(* Let $\mathcal{T}\in\mathbb{T}$ and let $\widehat{\mathcal{T}}\in\mathbb{T}$ be a refinement of $\mathcal{T}$. Then $$\sum_{T\in\widehat{\mathcal{T}}\setminus\mathcal{T}}\eta_{\widehat{\mathcal{T}}}(T)^2\le q\sum_{T\in\mathcal{T}\setminus\widehat{\mathcal{T}}}\eta_\mathcal{T}(T)^2+C\|u_{\widehat{\mathcal{T}}}-u_\mathcal{T}\|_{L^2(0,t_{\rm end};\mathcal{V})}^2$$ and $$\Big|\Big(\sum_{T\in\widehat{\mathcal{T}}\cap\mathcal{T}}\eta_{\widehat{\mathcal{T}}}(T)^2\Big)^{1/2}-\Big(\sum_{T\in\mathcal{T}\cap\widehat{\mathcal{T}}}\eta_\mathcal{T}(T)^2\Big)^{1/2}\Big|\le C\|u_{\widehat{\mathcal{T}}}-u_\mathcal{T}\|_{L^2(0,t_{\rm end};\mathcal{V})},$$ with constants $1/4<q<1$ and $C>0$ depending only on $\mathbb{A}$.
   Context: $\mathcal{V}$ finite-dimensional Hilbert space, $\mathcal{V}\subseteq\mathcal{H}\subseteq\mathcal{V}^\star$ a Gelfand triple, $\mathbb{A}:\mathcal{V}\to\mathcal{V}^\star$ bounded, linear, time-independent, coercive. $t_{\rm end}>0$, $u_0\in\mathcal{H}$; $\mathcal{T}_0$ a partition of $[0,t_{\rm end}]$ into compact intervals, $\mathbb{T}$ the partitions obtained by iterated bisection of intervals (each bisected interval is split into two halves of equal length). $f\in L^2(0,t_{\rm end};\mathcal{V}^\star)$ affine in $t$ on each interval of $\mathcal{T}_0$. For $\mathcal{T}\in\mathbb{T}$, $u_\mathcal{T}$ is the continuous, $\mathcal{T}$-piecewise affine-in-time Crank–Nicolson solution: $u_\mathcal{T}(0)=u_0$ and on each $T_i=[t_i,t_{i+1}]\in\mathcal{T}$, $\frac{u_\mathcal{T}(t_{i+1})-u_\mathcal{T}(t_i)}{|T_i|}+\mathbb{A}u_\mathcal{T}(\frac{t_i+t_{i+1}}2)=f|_{T_i}(\frac{t_i+t_{i+1}}2)$. Estimator: $\eta_\mathcal{T}(T):=|T|\,\|\partial_tf-\partial_t\mathbb{A}u_\mathcal{T}\|_{L^2(T;\mathcal{V}^\star)}$. *)

theory Defs
  imports "HOL-Analysis.Analysis"
begin

text \<open>Time intervals are represented as pairs (a,b) standing for the compact
interval {a..b}.\<close>

definition is_partition :: "(real \<times> real) set \<Rightarrow> real \<Rightarrow> real \<Rightarrow> bool" where
  "is_partition P lo hi \<longleftrightarrow>
     finite P \<and> (\<forall>T\<in>P. fst T < snd T) \<and>
     (\<Union>T\<in>P. {fst T..snd T}) = {lo..hi} \<and>
     (\<forall>T\<in>P. \<forall>T'\<in>P. T \<noteq> T' \<longrightarrow> {fst T<..<snd T} \<inter> {fst T'<..<snd T'} = {})"

inductive_set bisections :: "(real \<times> real) set \<Rightarrow> (real \<times> real) set set"
  for P0 :: "(real \<times> real) set" where
  base: "P0 \<in> bisections P0"
| bisect: "P \<in> bisections P0 \<Longrightarrow> (a, b) \<in> P \<Longrightarrow>
     (P - {(a, b)}) \<union> {(a, (a + b) / 2), ((a + b) / 2, b)} \<in> bisections P0"

definition refines :: "(real \<times> real) set \<Rightarrow> (real \<times> real) set \<Rightarrow> bool" where
  "refines Q P \<longleftrightarrow> (\<forall>T'\<in>Q. \<exists>T\<in>P. fst T \<le> fst T' \<and> snd T' \<le> snd T)"

definition piecewise_affine_on :: "(real \<Rightarrow> 'w::real_vector) \<Rightarrow> (real \<times> real) set \<Rightarrow> bool" where
  "piecewise_affine_on f P \<longleftrightarrow>
     (\<forall>T\<in>P. \<exists>c d. \<forall>t\<in>{fst T<..<snd T}. f t = c + t *\<^sub>R d)"

text \<open>The H inner product (Gelfand triple V \<subseteq> H \<subseteq> V*, V finite-dimensional, so H = V
as sets with another inner product m); h \<in> H acts on V via v \<mapsto> m h v.\<close>
definition H_inner :: "('v::euclidean_space \<Rightarrow> 'v \<Rightarrow> real) \<Rightarrow> bool" where
  "H_inner m \<longleftrightarrow> bilinear m \<and> (\<forall>x y. m x y = m y x) \<and> (\<forall>x. x \<noteq> 0 \<longrightarrow> m x x > 0)"

definition cn_solution ::
  "('v::euclidean_space \<Rightarrow> 'v \<Rightarrow> real) \<Rightarrow> ('v \<Rightarrow>\<^sub>L ('v \<Rightarrow>\<^sub>L real)) \<Rightarrow> (real \<Rightarrow> ('v \<Rightarrow>\<^sub>L real))
    \<Rightarrow> 'v \<Rightarrow> (real \<times> real) set \<Rightarrow> (real \<Rightarrow> 'v) \<Rightarrow> bool" where
  "cn_solution m A f u0 P u \<longleftrightarrow>
     u 0 = u0 \<and>
     (\<forall>T\<in>P. \<forall>t\<in>{fst T..snd T}.
        u t = u (fst T) + ((t - fst T) / (snd T - fst T)) *\<^sub>R (u (snd T) - u (fst T))) \<and>
     (\<forall>T\<in>P. \<forall>v. m ((1 / (snd T - fst T)) *\<^sub>R (u (snd T) - u (fst T))) v
                 + blinfun_apply (blinfun_apply A (u ((fst T + snd T) / 2))) v
               = blinfun_apply (f ((fst T + snd T) / 2)) v)"

definition est ::
  "('v::euclidean_space \<Rightarrow>\<^sub>L ('v \<Rightarrow>\<^sub>L real)) \<Rightarrow> (real \<Rightarrow> ('v \<Rightarrow>\<^sub>L real)) \<Rightarrow> (real \<Rightarrow> 'v)
     \<Rightarrow> real \<times> real \<Rightarrow> real" where
  "est A f u T = (snd T - fst T) *
     sqrt (integral {fst T..snd T}
       (\<lambda>t. (norm (vector_derivative (\<lambda>s. f s - blinfun_apply A (u s)) (at t)))\<^sup>2))"

definition L2V_norm :: "real \<Rightarrow> (real \<Rightarrow> 'v::euclidean_space) \<Rightarrow> real" where
  "L2V_norm tend w = sqrt (integral {0..tend} (\<lambda>t. (norm (w t))\<^sup>2))"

▶ **YOUR TASK**
Every line of the data above should be reproduced word for word.

▶ **OUTPUT OF THE EXERCISE**
(* Let $\mathcal{T}\in\mathbb{T}$ and let $\widehat{\mathcal{T}}\in\mathbb{T}$ be a refinement of $\mathcal{T}$. Then $$\sum_{T\in\widehat{\mathcal{T}}\setminus\mathcal{T}}\eta_{\widehat{\mathcal{T}}}(T)^2\le q\sum_{T\in\mathcal{T}\setminus\widehat{\mathcal{T}}}\eta_\mathcal{T}(T)^2+C\|u_{\widehat{\mathcal{T}}}-u_\mathcal{T}\|_{L^2(0,t_{\rm end};\mathcal{V})}^2$$ and $$\Big|\Big(\sum_{T\in\widehat{\mathcal{T}}\cap\mathcal{T}}\eta_{\widehat{\mathcal{T}}}(T)^2\Big)^{1/2}-\Big(\sum_{T\in\mathcal{T}\cap\widehat{\mathcal{T}}}\eta_\mathcal{T}(T)^2\Big)^{1/2}\Big|\le C\|u_{\widehat{\mathcal{T}}}-u_\mathcal{T}\|_{L^2(0,t_{\rm end};\mathcal{V})},$$ with constants $1/4<q<1$ and $C>0$ depending only on $\mathbb{A}$.
   Context: $\mathcal{V}$ finite-dimensional Hilbert space, $\mathcal{V}\subseteq\mathcal{H}\subseteq\mathcal{V}^\star$ a Gelfand triple, $\mathbb{A}:\mathcal{V}\to\mathcal{V}^\star$ bounded, linear, time-independent, coercive. $t_{\rm end}>0$, $u_0\in\mathcal{H}$; $\mathcal{T}_0$ a partition of $[0,t_{\rm end}]$ into compact intervals, $\mathbb{T}$ the partitions obtained by iterated bisection of intervals (each bisected interval is split into two halves of equal length). $f\in L^2(0,t_{\rm end};\mathcal{V}^\star)$ affine in $t$ on each interval of $\mathcal{T}_0$. For $\mathcal{T}\in\mathbb{T}$, $u_\mathcal{T}$ is the continuous, $\mathcal{T}$-piecewise affine-in-time Crank–Nicolson solution: $u_\mathcal{T}(0)=u_0$ and on each $T_i=[t_i,t_{i+1}]\in\mathcal{T}$, $\frac{u_\mathcal{T}(t_{i+1})-u_\mathcal{T}(t_i)}{|T_i|}+\mathbb{A}u_\mathcal{T}(\frac{t_i+t_{i+1}}2)=f|_{T_i}(\frac{t_i+t_{i+1}}2)$. Estimator: $\eta_\mathcal{T}(T):=|T|\,\|\partial_tf-\partial_t\mathbb{A}u_\mathcal{T}\|_{L^2(T;\mathcal{V}^\star)}$. *)

theory Defs
  imports "HOL-Analysis.Analysis"
begin

text \<open>Time intervals are represented as pairs (a,b) standing for the compact
interval {a..b}.\<close>

definition is_partition :: "(real \<times> real) set \<Rightarrow> real \<Rightarrow> real \<Rightarrow> bool" where
  "is_partition P lo hi \<longleftrightarrow>
     finite P \<and> (\<forall>T\<in>P. fst T < snd T) \<and>
     (\<Union>T\<in>P. {fst T..snd T}) = {lo..hi} \<and>
     (\<forall>T\<in>P. \<forall>T'\<in>P. T \<noteq> T' \<longrightarrow> {fst T<..<snd T} \<inter> {fst T'<..<snd T'} = {})"

inductive_set bisections :: "(real \<times> real) set \<Rightarrow> (real \<times> real) set set"
  for P0 :: "(real \<times> real) set" where
  base: "P0 \<in> bisections P0"
| bisect: "P \<in> bisections P0 \<Longrightarrow> (a, b) \<in> P \<Longrightarrow>
     (P - {(a, b)}) \<union> {(a, (a + b) / 2), ((a + b) / 2, b)} \<in> bisections P0"

definition refines :: "(real \<times> real) set \<Rightarrow> (real \<times> real) set \<Rightarrow> bool" where
  "refines Q P \<longleftrightarrow> (\<forall>T'\<in>Q. \<exists>T\<in>P. fst T \<le> fst T' \<and> snd T' \<le> snd T)"

definition piecewise_affine_on :: "(real \<Rightarrow> 'w::real_vector) \<Rightarrow> (real \<times> real) set \<Rightarrow> bool" where
  "piecewise_affine_on f P \<longleftrightarrow>
     (\<forall>T\<in>P. \<exists>c d. \<forall>t\<in>{fst T<..<snd T}. f t = c + t *\<^sub>R d)"

text \<open>The H inner product (Gelfand triple V \<subseteq> H \<subseteq> V*, V finite-dimensional, so H = V
as sets with another inner product m); h \<in> H acts on V via v \<mapsto> m h v.\<close>
definition H_inner :: "('v::euclidean_space \<Rightarrow> 'v \<Rightarrow> real) \<Rightarrow> bool" where
  "H_inner m \<longleftrightarrow> bilinear m \<and> (\<forall>x y. m x y = m y x) \<and> (\<forall>x. x \<noteq> 0 \<longrightarrow> m x x > 0)"

definition cn_solution ::
  "('v::euclidean_space \<Rightarrow> 'v \<Rightarrow> real) \<Rightarrow> ('v \<Rightarrow>\<^sub>L ('v \<Rightarrow>\<^sub>L real)) \<Rightarrow> (real \<Rightarrow> ('v \<Rightarrow>\<^sub>L real))
    \<Rightarrow> 'v \<Rightarrow> (real \<times> real) set \<Rightarrow> (real \<Rightarrow> 'v) \<Rightarrow> bool" where
  "cn_solution m A f u0 P u \<longleftrightarrow>
     u 0 = u0 \<and>
     (\<forall>T\<in>P. \<forall>t\<in>{fst T..snd T}.
        u t = u (fst T) + ((t - fst T) / (snd T - fst T)) *\<^sub>R (u (snd T) - u (fst T))) \<and>
     (\<forall>T\<in>P. \<forall>v. m ((1 / (snd T - fst T)) *\<^sub>R (u (snd T) - u (fst T))) v
                 + blinfun_apply (blinfun_apply A (u ((fst T + snd T) / 2))) v
               = blinfun_apply (f ((fst T + snd T) / 2)) v)"

definition est ::
  "('v::euclidean_space \<Rightarrow>\<^sub>L ('v \<Rightarrow>\<^sub>L real)) \<Rightarrow> (real \<Rightarrow> ('v \<Rightarrow>\<^sub>L real)) \<Rightarrow> (real \<Rightarrow> 'v)
     \<Rightarrow> real \<times> real \<Rightarrow> real" where
  "est A f u T = (snd T - fst T) *
     sqrt (integral {fst T..snd T}
       (\<lambda>t. (norm (vector_derivative (\<lambda>s. f s - blinfun_apply A (u s)) (at t)))\<^sup>2))"

definition L2V_norm :: "real \<Rightarrow> (real \<Rightarrow> 'v::euclidean_space) \<Rightarrow> real" where
  "L2V_norm tend w = sqrt (integral {0..tend} (\<lambda>t. (norm (w t))\<^sup>2))"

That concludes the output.